text \<open>The \<open>k\<close>-th determinantal divisor is \<open>d 0 \<dots> d (k - 1)\<close>, as for the diagonal matrix itself.\<close>
lemma dvd_minors_snf_iff:
  fixes M :: "'a::comm_ring_1 mat"
  assumes snf: "is_snf_entries M d" and k: "k \<le> dim_row M" "k \<le> dim_col M"
  shows "dvd_minors M k x \<longleftrightarrow> x dvd (\<Prod>i<k. d i)"
proof -
  obtain P Q where P: "P \<in> carrier_mat (dim_row M) (dim_row M)" "invertible_mat P"
    and Q: "Q \<in> carrier_mat (dim_col M) (dim_col M)" "invertible_mat Q"
    and PMQ: "P * M * Q = rect_diag (dim_row M) (dim_col M) d"
    and chain: "\<forall>i. i + 1 < dim_col M \<longrightarrow> d i dvd d (i + 1)"
    using snf unfolding is_snf_entries_def rect_diag_def by blast
  have "dvd_minors M k x \<longleftrightarrow> dvd_minors (rect_diag (dim_row M) (dim_col M) d) k x"
    using dvd_minors_invertible_mult_iff[OF _ P Q, of M] PMQ by simp
  also have "\<dots> \<longleftrightarrow> x dvd (\<Prod>i<k. d i)"
  proof
    assume "dvd_minors (rect_diag (dim_row M) (dim_col M) d) k x"
    then have "x dvd minor (rect_diag (dim_row M) (dim_col M) d) k id id"
      unfolding dvd_minors_def by (rule allE[of _ id], elim allE[of _ id]) (use k in \<open>simp add: rect_diag_def\<close>)
    then show "x dvd (\<Prod>i<k. d i)" by (simp only: minor_rect_diag_leading[OF k])
  next
    assume "x dvd (\<Prod>i<k. d i)"
    then show "dvd_minors (rect_diag (dim_row M) (dim_col M) d) k x"
      using prod_dvd_minor_rect_diag[OF chain] unfolding dvd_minors_def rect_diag_def
      by (auto intro: dvd_trans)
  qed
  finally show ?thesis .
qed

lemma snf_prefix_prod_dvd_iff:
  assumes snf: "is_snf_entries (sub_toeplitz n h c) d" and j: "1 \<le> j" "j \<le> c" and cn: "2 * c \<le> n"
  shows "x dvd (\<Prod>i<j. d i) \<longleftrightarrow> dvd_minors (sub_toeplitz n h j) j x"
proof -
  have "x dvd (\<Prod>i<j. d i) \<longleftrightarrow> dvd_minors (sub_toeplitz n h c) j x"
    using dvd_minors_snf_iff[OF snf] j cn by simp
  also have "\<dots> \<longleftrightarrow> dvd_minors (sub_toeplitz n h j) j x"
    by (rule dvd_minors_sub_toeplitz_indep[OF j cn])
  finally show ?thesis .
qed
(* Let $G$ be a Lie group, let $\mathcal{X}$ and $\mathcal{Y}$ be linear vector fields on $G$ with flows $(\varphi_t)_{t\in\mathbb{R}}$ and $(\psi_t)_{t\in\mathbb{R}}$, and suppose $\mathcal{X}$ and $\mathcal{Y}$ are $\pi$-conjugated, i.e. there is an automorphism $\pi:G\to G$ with $\pi(\varphi_t(x))=\psi_t(\pi(x))$ and $\varphi_t(\pi^{-1}(x))=\pi^{-1}(\psi_t(x))$ for all $t\in\mathbb{R}$, $x\in G$. Let $h:G\to G$ be a (continuous) homomorphism, $K=\ker(h)$ and $S=\ker(h\circ\pi^{-1})$. Then the pair $(\mathcal{X},\pi_K)$ is observable if and only if the pair $(\mathcal{Y},\pi_S)$ is observable.
   Context: A vector field on a Lie group $G$ is linear if its flow $(\varphi_t)_{t\in\mathbb{R}}$ is a one-parameter subgroup of $\mathrm{Aut}(G)$. For a closed subgroup $K$ of $G$, $\pi_K:G\to G/K$ denotes the canonical projection, and a pair $(\mathcal{X},\pi_K)$ consists of a linear vector field $\mathcal{X}$ (flow $\varphi_t$) and this projection. The pair is observable at $x_1\in G$ if for every $x_2\in G\setminus\{x_1\}$ there is $t\ge0$ with $\pi_K(\varphi_t(x_1))\neq\pi_K(\varphi_t(x_2))$; it is observable if it is observable at every $x_1\in G$. *)

theory Defs
  imports "HOL-Analysis.Analysis" "HOL-Algebra.Algebra"
begin

text \<open>A (Hausdorff) topological group: a group G whose carrier is the topological
  space of T, with continuous multiplication and inversion.  (Stand-in for a Lie group,
  smooth structure is not available.)\<close>
definition topological_group :: "'a topology \<Rightarrow> ('a, 'b) monoid_scheme \<Rightarrow> bool" where
  "topological_group T G \<longleftrightarrow> group G \<and> topspace T = carrier G \<and> Hausdorff_space T
     \<and> continuous_map (prod_topology T T) T (\<lambda>(x, y). x \<otimes>\<^bsub>G\<^esub> y)
     \<and> continuous_map T T (\<lambda>x. inv\<^bsub>G\<^esub> x)"

text \<open>The flow of a linear vector field: a (continuous) one-parameter subgroup of Aut(G).\<close>
definition linear_flow :: "'a topology \<Rightarrow> ('a, 'b) monoid_scheme \<Rightarrow> (real \<Rightarrow> 'a \<Rightarrow> 'a) \<Rightarrow> bool" where
  "linear_flow T G \<phi> \<longleftrightarrow>
     (\<forall>t. \<phi> t \<in> iso G G)
     \<and> (\<forall>x\<in>carrier G. \<phi> 0 x = x)
     \<and> (\<forall>s t. \<forall>x\<in>carrier G. \<phi> (s + t) x = \<phi> s (\<phi> t x))
     \<and> continuous_map (prod_topology euclideanreal T) T (\<lambda>(t, x). \<phi> t x)"

definition proj_quot :: "('a, 'b) monoid_scheme \<Rightarrow> 'a set \<Rightarrow> 'a \<Rightarrow> 'a set" where
  "proj_quot G K x = x <#\<^bsub>G\<^esub> K"

definition observable_at ::
  "('a, 'b) monoid_scheme \<Rightarrow> (real \<Rightarrow> 'a \<Rightarrow> 'a) \<Rightarrow> 'a set \<Rightarrow> 'a \<Rightarrow> bool" where
  "observable_at G \<phi> K x1 \<longleftrightarrow>
     (\<forall>x2 \<in> carrier G - {x1}. \<exists>t\<ge>0.
        proj_quot G K (\<phi> t x1) \<noteq> proj_quot G K (\<phi> t x2))"

definition observable ::
  "('a, 'b) monoid_scheme \<Rightarrow> (real \<Rightarrow> 'a \<Rightarrow> 'a) \<Rightarrow> 'a set \<Rightarrow> bool" where
  "observable G \<phi> K \<longleftrightarrow> (\<forall>x1 \<in> carrier G. observable_at G \<phi> K x1)"

end

theory Submission
  imports Defs
begin

text \<open>Observability is a purely algebraic property of the flow and the subgroup, and it is
  transported by group isomorphisms: if \<pi> conjugates \<phi> to \<psi>, it maps cosets of K to cosets
  of \<pi> ` K, so \<pi> maps pairs of points indistinguishable for (\<phi>, K) exactly onto pairs
  indistinguishable for (\<psi>, \<pi> ` K).  Since ker (h \<circ> \<pi>\<inverse>) = \<pi> ` ker h, the theorem follows.\<close>

lemma kernel_comp_inv_into:
  assumes "bij_betw \<pi> (carrier G) (carrier G')"
  shows "kernel G' H (\<lambda>x. h (inv_into (carrier G) \<pi> x)) = \<pi> ` kernel G H h"
proof -
  have "inv_into (carrier G) \<pi> (\<pi> x) = x" if "x \<in> carrier G" for x
    using assms that by (simp add: bij_betw_def)
  moreover have "carrier G' = \<pi> ` carrier G"
    using assms by (simp add: bij_betw_def)
  ultimately show ?thesis
    unfolding kernel_def by auto
qed

lemma proj_quot_iso_eq_iff:
  assumes "group G" and iso: "\<pi> \<in> iso G G'" and K: "K \<subseteq> carrier G"
    and x: "x \<in> carrier G" and y: "y \<in> carrier G"
  shows "proj_quot G' (\<pi> ` K) (\<pi> x) = proj_quot G' (\<pi> ` K) (\<pi> y)
     \<longleftrightarrow> proj_quot G K x = proj_quot G K y"
proof -
  interpret group G by fact
  have hom: "\<pi> \<in> hom G G'" and inj: "inj_on \<pi> (carrier G)"
    using iso by (auto simp: iso_def bij_betw_def)
  have "proj_quot G' (\<pi> ` K) (\<pi> z) = \<pi> ` proj_quot G K z" if "z \<in> carrier G" for z
    unfolding proj_quot_def using coset_hom(1)[OF hom K that] by simp
  moreover have "proj_quot G K z \<subseteq> carrier G" if "z \<in> carrier G" for z
    unfolding proj_quot_def using l_coset_subset_G[OF K that] .
  ultimately show ?thesis
    using x y inj_on_image_eq_iff[OF inj] by simp
qed

lemma observable_at_iso:
  assumes group: "group G" and iso: "\<pi> \<in> iso G G'" and K: "K \<subseteq> carrier G"
    and closed: "\<And>t x. x \<in> carrier G \<Longrightarrow> \<phi> t x \<in> carrier G"
    and conj: "\<And>t x. x \<in> carrier G \<Longrightarrow> \<pi> (\<phi> t x) = \<psi> t (\<pi> x)"
    and x: "x \<in> carrier G"
  shows "observable_at G' \<psi> (\<pi> ` K) (\<pi> x) \<longleftrightarrow> observable_at G \<phi> K x"
proof -
  have bij: "bij_betw \<pi> (carrier G) (carrier G')"
    using iso by (simp add: iso_def)
  have others: "carrier G' - {\<pi> x} = \<pi> ` (carrier G - {x})"
    using inj_on_image_set_diff[of \<pi> "carrier G" "carrier G" "{x}"] bij x
    by (simp add: bij_betw_def)
  have indist: "proj_quot G' (\<pi> ` K) (\<psi> t (\<pi> x)) = proj_quot G' (\<pi> ` K) (\<psi> t (\<pi> y))
      \<longleftrightarrow> proj_quot G K (\<phi> t x) = proj_quot G K (\<phi> t y)" if "y \<in> carrier G" for t y
    unfolding conj[OF x, symmetric] conj[OF that, symmetric]
    using proj_quot_iso_eq_iff[OF group iso K closed[OF x] closed[OF that]] .
  show ?thesis
    unfolding observable_at_def others ball_simps(9)
    using indist by simp
qed

lemma observable_iso:
  assumes group: "group G" and iso: "\<pi> \<in> iso G G'" and K: "K \<subseteq> carrier G"
    and closed: "\<And>t x. x \<in> carrier G \<Longrightarrow> \<phi> t x \<in> carrier G"
    and conj: "\<And>t x. x \<in> carrier G \<Longrightarrow> \<pi> (\<phi> t x) = \<psi> t (\<pi> x)"
  shows "observable G' \<psi> (\<pi> ` K) \<longleftrightarrow> observable G \<phi> K"
proof -
  have carrier: "carrier G' = \<pi> ` carrier G"
    using iso by (simp add: iso_def bij_betw_def)
  have "observable G' \<psi> (\<pi> ` K) \<longleftrightarrow> (\<forall>x\<in>carrier G. observable_at G' \<psi> (\<pi> ` K) (\<pi> x))"
    unfolding observable_def carrier by blast
  also have "\<dots> \<longleftrightarrow> observable G \<phi> K"
    unfolding observable_def
  proof (rule ball_cong[OF refl])
    fix x
    assume x: "x \<in> carrier G"
    show "observable_at G' \<psi> (\<pi> ` K) (\<pi> x) \<longleftrightarrow> observable_at G \<phi> K x"
      \<comment> \<open>discharging closed and conj via OF would leave \<phi> to higher-order unification\<close>
      by (rule observable_at_iso[OF group iso K]) (fact closed conj x)+
  qed
  finally show ?thesis .
qed

theorem proposition2p6:
  fixes T :: "'a topology" and G :: "('a, 'b) monoid_scheme"
    and \<phi> \<psi> :: "real \<Rightarrow> 'a \<Rightarrow> 'a" and \<pi> h :: "'a \<Rightarrow> 'a"
  assumes "topological_group T G"
    and "linear_flow T G \<phi>" and "linear_flow T G \<psi>"
    and "\<pi> \<in> iso G G" and "homeomorphic_map T T \<pi>"
    and "\<And>t x. x \<in> carrier G \<Longrightarrow> \<pi> (\<phi> t x) = \<psi> t (\<pi> x)"
    and "\<And>t x. x \<in> carrier G \<Longrightarrow>
           \<phi> t (inv_into (carrier G) \<pi> x) = inv_into (carrier G) \<pi> (\<psi> t x)"
    and "h \<in> hom G G" and "continuous_map T T h"
  shows "observable G \<phi> (kernel G G h)
     \<longleftrightarrow> observable G \<psi> (kernel G G (\<lambda>x. h (inv_into (carrier G) \<pi> x)))"
proof -
  have group: "group G"
    using assms(1) by (simp add: topological_group_def)
  have closed: "\<phi> t x \<in> carrier G" if "x \<in> carrier G" for t x
  proof -
    have "\<phi> t \<in> hom G G"
      using assms(2) by (simp add: linear_flow_def iso_def)
    then show ?thesis
      using that by (rule hom_in_carrier)
  qed
  have bij: "bij_betw \<pi> (carrier G) (carrier G)"
    using assms(4) by (simp add: iso_def)
  have kernel: "kernel G G h \<subseteq> carrier G"
    by (auto simp: kernel_def)
  have "observable G \<psi> (\<pi> ` kernel G G h) \<longleftrightarrow> observable G \<phi> (kernel G G h)"
    by (rule observable_iso[OF group assms(4) kernel]) (fact closed assms(6))+
  then show ?thesis
    unfolding kernel_comp_inv_into[OF bij, where H = G and h = h] by (rule sym)
qed

end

────────────────────

### DESCRIPTION OF THE TASK
The lines to reproduce run from the line containing "by (auto simp: kernel_def)" to the end of the listing; write them out exactly and add nothing.

### THE ANSWER
    by (auto simp: kernel_def)
  have "observable G \<psi> (\<pi> ` kernel G G h) \<longleftrightarrow> observable G \<phi> (kernel G G h)"
    by (rule observable_iso[OF group assms(4) kernel]) (fact closed assms(6))+
  then show ?thesis
    unfolding kernel_comp_inv_into[OF bij, where H = G and h = h] by (rule sym)
qed

end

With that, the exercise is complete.